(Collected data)
**********

(* Let $p\in(0,1]$ and let $\mathcal{D}$ be a distribution supported on $[0,1]$ with $Q=\sup\{y:\Pr_{x\sim\mathcal{D}}(x\le y)\le p\}$. Consider the scoring rule $f_p$ in which each voter gives $\sum_{\ell=k}^m\binom{m}{\ell}(1-p)^\ell p^{m-\ell}$ points to the alternative she ranks in position $k$ (selecting an alternative with largest total score, ties broken arbitrarily). Then for all $n,m$ and every preference profile $\sigma$, $\mathbb{E}[\mathrm{sw}(f_p(\sigma),u)]\ge(1-p)Q\max_{j\in A}\mathbb{E}[\mathrm{sw}(j,u)]$.
   Context: There are $n$ voters and $m$ alternatives $A=\{1,\dots,m\}$. A preference profile $\sigma$ consists of a ranking of $A$ for each voter; position $1$ is the top. Given $\mathcal{D}$ and $\sigma$, a random utility profile $u$ consistent with $\sigma$ is generated as follows: independently for each voter $i$, draw $m$ i.i.d. samples from $\mathcal{D}$ and assign them, from highest to lowest, to the alternatives in the order of voter $i$'s ranking. The social welfare of $j$ is $\mathrm{sw}(j,u)=\sum_i u_{ij}$; expectations are over $u$. *)

theory Defs
  imports "HOL-Probability.Probability"
begin

text \<open>Alternatives are 1..m, voters are 1..n, positions are 1..m (1 = top).
  A preference profile is given by pos i j = position of alternative j in voter i's ranking;
  it is a profile iff each pos i is a bijection of {1..m} onto {1..m}.\<close>

definition is_profile :: "nat \<Rightarrow> nat \<Rightarrow> (nat \<Rightarrow> nat \<Rightarrow> nat) \<Rightarrow> bool" where
  "is_profile n m pos \<longleftrightarrow> (\<forall>i\<in>{1..n}. bij_betw (pos i) {1..m} {1..m})"

definition kth_largest :: "(nat \<Rightarrow> real) \<Rightarrow> nat \<Rightarrow> nat \<Rightarrow> real" where
  "kth_largest v m k = rev (sort (map v [1..<m+1])) ! (k - 1)"

text \<open>The sample space: for each voter i and each index t \<in> {1..m}, an independent sample
  s (i,t) from D. The utility of voter i for alternative j is the pos i j-th largest of
  voter i's m samples.\<close>
definition sample_space :: "real measure \<Rightarrow> nat \<Rightarrow> nat \<Rightarrow> (nat \<times> nat \<Rightarrow> real) measure" where
  "sample_space D n m = PiM ({1..n} \<times> {1..m}) (\<lambda>_. D)"

definition utility :: "nat \<Rightarrow> (nat \<Rightarrow> nat \<Rightarrow> nat) \<Rightarrow> (nat \<times> nat \<Rightarrow> real) \<Rightarrow> nat \<Rightarrow> nat \<Rightarrow> real" where
  "utility m pos s i j = kth_largest (\<lambda>t. s (i, t)) m (pos i j)"

definition sw :: "nat \<Rightarrow> nat \<Rightarrow> (nat \<Rightarrow> nat \<Rightarrow> nat) \<Rightarrow> (nat \<times> nat \<Rightarrow> real) \<Rightarrow> nat \<Rightarrow> real" where
  "sw n m pos s j = (\<Sum>i\<in>{1..n}. utility m pos s i j)"

definition expected_sw :: "real measure \<Rightarrow> nat \<Rightarrow> nat \<Rightarrow> (nat \<Rightarrow> nat \<Rightarrow> nat) \<Rightarrow> nat \<Rightarrow> real" where
  "expected_sw D n m pos j = (\<integral>s. sw n m pos s j \<partial>sample_space D n m)"

definition fp_points :: "real \<Rightarrow> nat \<Rightarrow> nat \<Rightarrow> real" where
  "fp_points p m k = (\<Sum>l=k..m. real (m choose l) * (1 - p) ^ l * p ^ (m - l))"

definition fp_score :: "real \<Rightarrow> nat \<Rightarrow> nat \<Rightarrow> (nat \<Rightarrow> nat \<Rightarrow> nat) \<Rightarrow> nat \<Rightarrow> real" where
  "fp_score p n m pos j = (\<Sum>i\<in>{1..n}. fp_points p m (pos i j))"

text \<open>f_p may select any alternative of maximal total score (ties broken arbitrarily).\<close>
definition fp_winner :: "real \<Rightarrow> nat \<Rightarrow> nat \<Rightarrow> (nat \<Rightarrow> nat \<Rightarrow> nat) \<Rightarrow> nat \<Rightarrow> bool" where
  "fp_winner p n m pos w \<longleftrightarrow> w \<in> {1..m} \<and> (\<forall>j\<in>{1..m}. fp_score p n m pos j \<le> fp_score p n m pos w)"

definition quantile_Q :: "real measure \<Rightarrow> real \<Rightarrow> real" where
  "quantile_Q D p = Sup {y. measure D {x. x \<le> y} \<le> p}"

end

theory Submission
  imports Defs
begin

text \<open>Let \<open>Q\<close> be the \<open>p\<close>-quantile of \<open>\<D>\<close>, so that a single sample is at least \<open>Q\<close> with
  probability \<open>q \<ge> 1 - p\<close>. The alternative a voter ranks in position \<open>k\<close> has utility at least \<open>Q\<close>
  whenever at least \<open>k\<close> of the voter's \<open>m\<close> samples are at least \<open>Q\<close>, an event of probability
  \<open>P(Bin(m, q) \<ge> k) \<ge> P(Bin(m, 1 - p) \<ge> k)\<close>, and the latter is exactly the number of points
  \<open>f\<^sub>p\<close> awards to position \<open>k\<close>. Hence the expected welfare of any alternative is at least \<open>Q\<close> times
  its score. Each voter hands out \<open>E[Bin(m, 1 - p)] = m (1 - p)\<close> points in total, so the winner
  scores at least \<open>n (1 - p)\<close>, whereas no alternative has expected welfare above \<open>n\<close> because
  utilities lie in \<open>[0, 1]\<close>.\<close>

section \<open>Binomial tails\<close>

definition binomial_tail :: "nat set \<Rightarrow> nat \<Rightarrow> real \<Rightarrow> real" where
  "binomial_tail T k q = (\<Sum>S | S \<subseteq> T \<and> k \<le> card S. q ^ card S * (1 - q) ^ card (T - S))"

**********

▸ **PROBLEM TO WORK ON**: Looking at the entries above, count each line in which the word "imports" occurs, then give the total and nothing further.

▸ **SOLUTION TO THE PROBLEM**: 2